In my family, I am the youngest of three children, the baby, the “little” one, the last attempt at getting it right…AKA the one person in the family that everyone else tells what to do. Even growing up with an extremely supportive and loving family, this is a role that had it’s ups and downs but one that I learned to fully embrace. As a result, there are many benefits that I have found from being the baby of the family and ultimately being forced into doing certain things.
Including, but certainly not limited to:
- I have never been in the least bit claustrophobic. This is because I have been stuck in the middle seat of every type of vehicle ever since I can remember.
- I accept and often enjoy hand-me-downs. But word to the wise, for big item hand-me-downs, have your sibling write and sign a note stating that the object now belongs to you. Otherwise, they may try to take it back 5 years later by claiming that you stole it.
- I am highly skilled at going with the flow. As the youngest, everyone in your family thinks they have authority over you, so you have to learn to take direction, adjust easily, and roll with the (sometimes literal) punches.
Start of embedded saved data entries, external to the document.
(* Let $G$ be a finite simple connected graph. Suppose that all the holes in $G$ are pairwise edge-disjoint and that $G$ has exactly one non-edge maximal clique $K$. Then a cycle $C$ in $G$ is a hole if and only if $|V(K)\cap V(C)|\le 2$.
   Context: A hole of a graph is an induced (chordless) cycle of length at least $4$. A clique is a complete subgraph; a clique $K$ is non-edge if $|V(K)|\ge 3$. Cycles have length at least $3$. *)

theory Defs
  imports Main
begin

definition simple_graph :: "'a set \<Rightarrow> ('a \<Rightarrow> 'a \<Rightarrow> bool) \<Rightarrow> bool" where
  "simple_graph V E \<longleftrightarrow> finite V \<and> (\<forall>u v. E u v \<longrightarrow> u \<in> V \<and> v \<in> V) \<and>
     (\<forall>u v. E u v \<longrightarrow> E v u) \<and> (\<forall>v. \<not> E v v)"

definition connected_graph :: "'a set \<Rightarrow> ('a \<Rightarrow> 'a \<Rightarrow> bool) \<Rightarrow> bool" where
  "connected_graph V E \<longleftrightarrow> V \<noteq> {} \<and> (\<forall>u\<in>V. \<forall>v\<in>V. E\<^sup>*\<^sup>* u v)"

definition is_cycle :: "'a set \<Rightarrow> ('a \<Rightarrow> 'a \<Rightarrow> bool) \<Rightarrow> 'a list \<Rightarrow> bool" where
  "is_cycle V E C \<longleftrightarrow> length C \<ge> 3 \<and> distinct C \<and> set C \<subseteq> V \<and>
     (\<forall>i < length C. E (C ! i) (C ! ((i + 1) mod length C)))"

definition cycle_edges :: "'a list \<Rightarrow> 'a set set" where
  "cycle_edges C = {{C ! i, C ! ((i + 1) mod length C)} | i. i < length C}"

definition is_hole :: "'a set \<Rightarrow> ('a \<Rightarrow> 'a \<Rightarrow> bool) \<Rightarrow> 'a list \<Rightarrow> bool" where
  "is_hole V E C \<longleftrightarrow> is_cycle V E C \<and> length C \<ge> 4 \<and>
     (\<forall>u\<in>set C. \<forall>v\<in>set C. E u v \<longrightarrow> {u, v} \<in> cycle_edges C)"

definition is_clique :: "'a set \<Rightarrow> ('a \<Rightarrow> 'a \<Rightarrow> bool) \<Rightarrow> 'a set \<Rightarrow> bool" where
  "is_clique V E K \<longleftrightarrow> K \<subseteq> V \<and> (\<forall>u\<in>K. \<forall>v\<in>K. u \<noteq> v \<longrightarrow> E u v)"

definition maximal_clique :: "'a set \<Rightarrow> ('a \<Rightarrow> 'a \<Rightarrow> bool) \<Rightarrow> 'a set \<Rightarrow> bool" where
  "maximal_clique V E K \<longleftrightarrow> is_clique V E K \<and> K \<noteq> {} \<and>
     (\<forall>K'. is_clique V E K' \<and> K \<subseteq> K' \<longrightarrow> K' = K)"

text \<open>Distinct holes (different as subgraphs, i.e. with different edge sets) share no edge.\<close>
definition holes_edge_disjoint :: "'a set \<Rightarrow> ('a \<Rightarrow> 'a \<Rightarrow> bool) \<Rightarrow> bool" where
  "holes_edge_disjoint V E \<longleftrightarrow> (\<forall>C1 C2. is_hole V E C1 \<and> is_hole V E C2 \<and>
     cycle_edges C1 \<noteq> cycle_edges C2 \<longrightarrow> cycle_edges C1 \<inter> cycle_edges C2 = {})"

end

theory Submission
  imports Defs
begin

(* Only if: the vertices of K that lie on a hole are pairwise adjacent, but a hole of length
   at least 4 contains no triangle, since three pairwise adjacent vertices would have to be
   pairwise consecutive on it.

   If: every triangle extends to a maximal clique with at least three vertices, which must
   be K; so if C meets K in at most two vertices, the vertex set of C is triangle-free.  A
   triangle-free cycle has length at least 4, and it has no chord: a chord uv splits C into
   two arcs, each of which together with uv contains a hole through uv (take a shortest
   u-v path inside the arc).  The hole from the first arc also uses an edge from u into the
   interior of that arc, which the second hole avoids, so two different holes share the
   edge uv, contradicting edge-disjointness. *)

lemma simple_graph_sym: "simple_graph V E \<Longrightarrow> E u v \<Longrightarrow> E v u"
  by (simp add: simple_graph_def)

lemma simple_graph_irrefl: "simple_graph V E \<Longrightarrow> \<not> E v v"
  by (simp add: simple_graph_def)

lemma is_cycle_iff_successively:
  "is_cycle V E C \<longleftrightarrow>
     3 \<le> length C \<and> distinct C \<and> set C \<subseteq> V \<and> successively E C \<and> E (last C) (hd C)"
proof (cases "C = []")
  case False
  define m where "m = length C - 1"
  have len: "length C = Suc m"
    using False by (simp add: m_def)
  have "(\<forall>i < length C. E (C ! i) (C ! (Suc i mod length C))) \<longleftrightarrow>
      E (C ! m) (C ! 0) \<and> (\<forall>i < m. E (C ! i) (C ! Suc i))"
    unfolding len All_less_Suc by simp
  also have "\<dots> \<longleftrightarrow> successively E C \<and> E (last C) (hd C)"
  proof -
    have "last C = C ! m" "hd C = C ! 0"
      using False by (simp_all add: last_conv_nth hd_conv_nth m_def)
    moreover have "successively E C \<longleftrightarrow> (\<forall>i < m. E (C ! i) (C ! Suc i))"
      unfolding successively_conv_nth len by simp
    ultimately show ?thesis
      by (simp add: conj_commute)
  qed
  finally show ?thesis
    by (simp add: is_cycle_def)
qed (simp add: is_cycle_def)

lemma cycle_edge_nth: "i < length C \<Longrightarrow> {C ! i, C ! (Suc i mod length C)} \<in> cycle_edges C"
  unfolding cycle_edges_def by auto

lemma cycle_edges_nth_iff:
  assumes "distinct C" "i < length C" "j < length C"
  shows "{C ! i, C ! j} \<in> cycle_edges C \<longleftrightarrow>
    j = Suc i mod length C \<or> i = Suc j mod length C"
proof
  assume "{C ! i, C ! j} \<in> cycle_edges C"
  then obtain a where a: "a < length C" "{C ! i, C ! j} = {C ! a, C ! (Suc a mod length C)}"
    unfolding cycle_edges_def by auto
  have a': "Suc a mod length C < length C"
    using a(1) by (intro mod_less_divisor) linarith
  have idx: "C ! x = C ! y \<longleftrightarrow> x = y" if "x < length C" "y < length C" for x y
    using assms(1) that by (simp add: nth_eq_iff_index_eq)
  have "(C ! i = C ! a \<and> C ! j = C ! (Suc a mod length C)) \<or>
      (C ! i = C ! (Suc a mod length C) \<and> C ! j = C ! a)"
    using a(2) by (simp add: doubleton_eq_iff)
  then show "j = Suc i mod length C \<or> i = Suc j mod length C"
    using idx[OF assms(2) a(1)] idx[OF assms(3) a(1)] idx[OF assms(2) a'] idx[OF assms(3) a']
    by blast
next
  assume "j = Suc i mod length C \<or> i = Suc j mod length C"
  then show "{C ! i, C ! j} \<in> cycle_edges C"
  proof
    assume "j = Suc i mod length C"
    then show ?thesis
      using cycle_edge_nth[OF assms(2)] by simp
  next
    assume "i = Suc j mod length C"
    then have "{C ! j, C ! i} \<in> cycle_edges C"
      using cycle_edge_nth[OF assms(3)] by simp
    then show ?thesis
      by (simp add: insert_commute)
  qed
qed

lemma cycle_edges_subset: "e \<in> cycle_edges C \<Longrightarrow> e \<subseteq> set C"
proof -
  assume "e \<in> cycle_edges C"
  then obtain i where i: "i < length C" "e = {C ! i, C ! (Suc i mod length C)}"
    unfolding cycle_edges_def by auto
  then have "Suc i mod length C < length C"
    by (intro mod_less_divisor) linarith
  then show "e \<subseteq> set C"
    using i by auto
qed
(And I’m sure there are more traits that I have acquired due to my status as the youngest child, but I was just trying to focus on the ones that could be spun positively. :P)
As with all children that fall into any birth order, there are definite pluses and minuses that you enjoy or struggle with as a kid. For me, growing up as the last of three meant that I heard the phrases “you’re too young to understand” and “we’ll tell you when you’re older” on a pretty regular basis. Another one of my favorites was “ask Mom or Dad,” which was my sister’s response to when I asked what a virgin was while watching Clueless at probably too young of an age. But the big thing that was never told me to was at what point I would stop being “too young” and would finally reach that ever elusive “older” age. Depending on the topic, the time frame for my maturity and understanding would change…”you’ll get it once you are in high school,” “it will make sense when you get to college,” “you won’t understand until you’re 21,” and then “you have to be in the real world and working to know what we mean.” I remember being so anxious to grow up just because I wanted to be in the know and on the same level as the rest of my family. But honestly, even after I graduated college and got a real grown-up job, I still questioned if my family or even I, myself, would ever really see little ‘ole me as an actual adult.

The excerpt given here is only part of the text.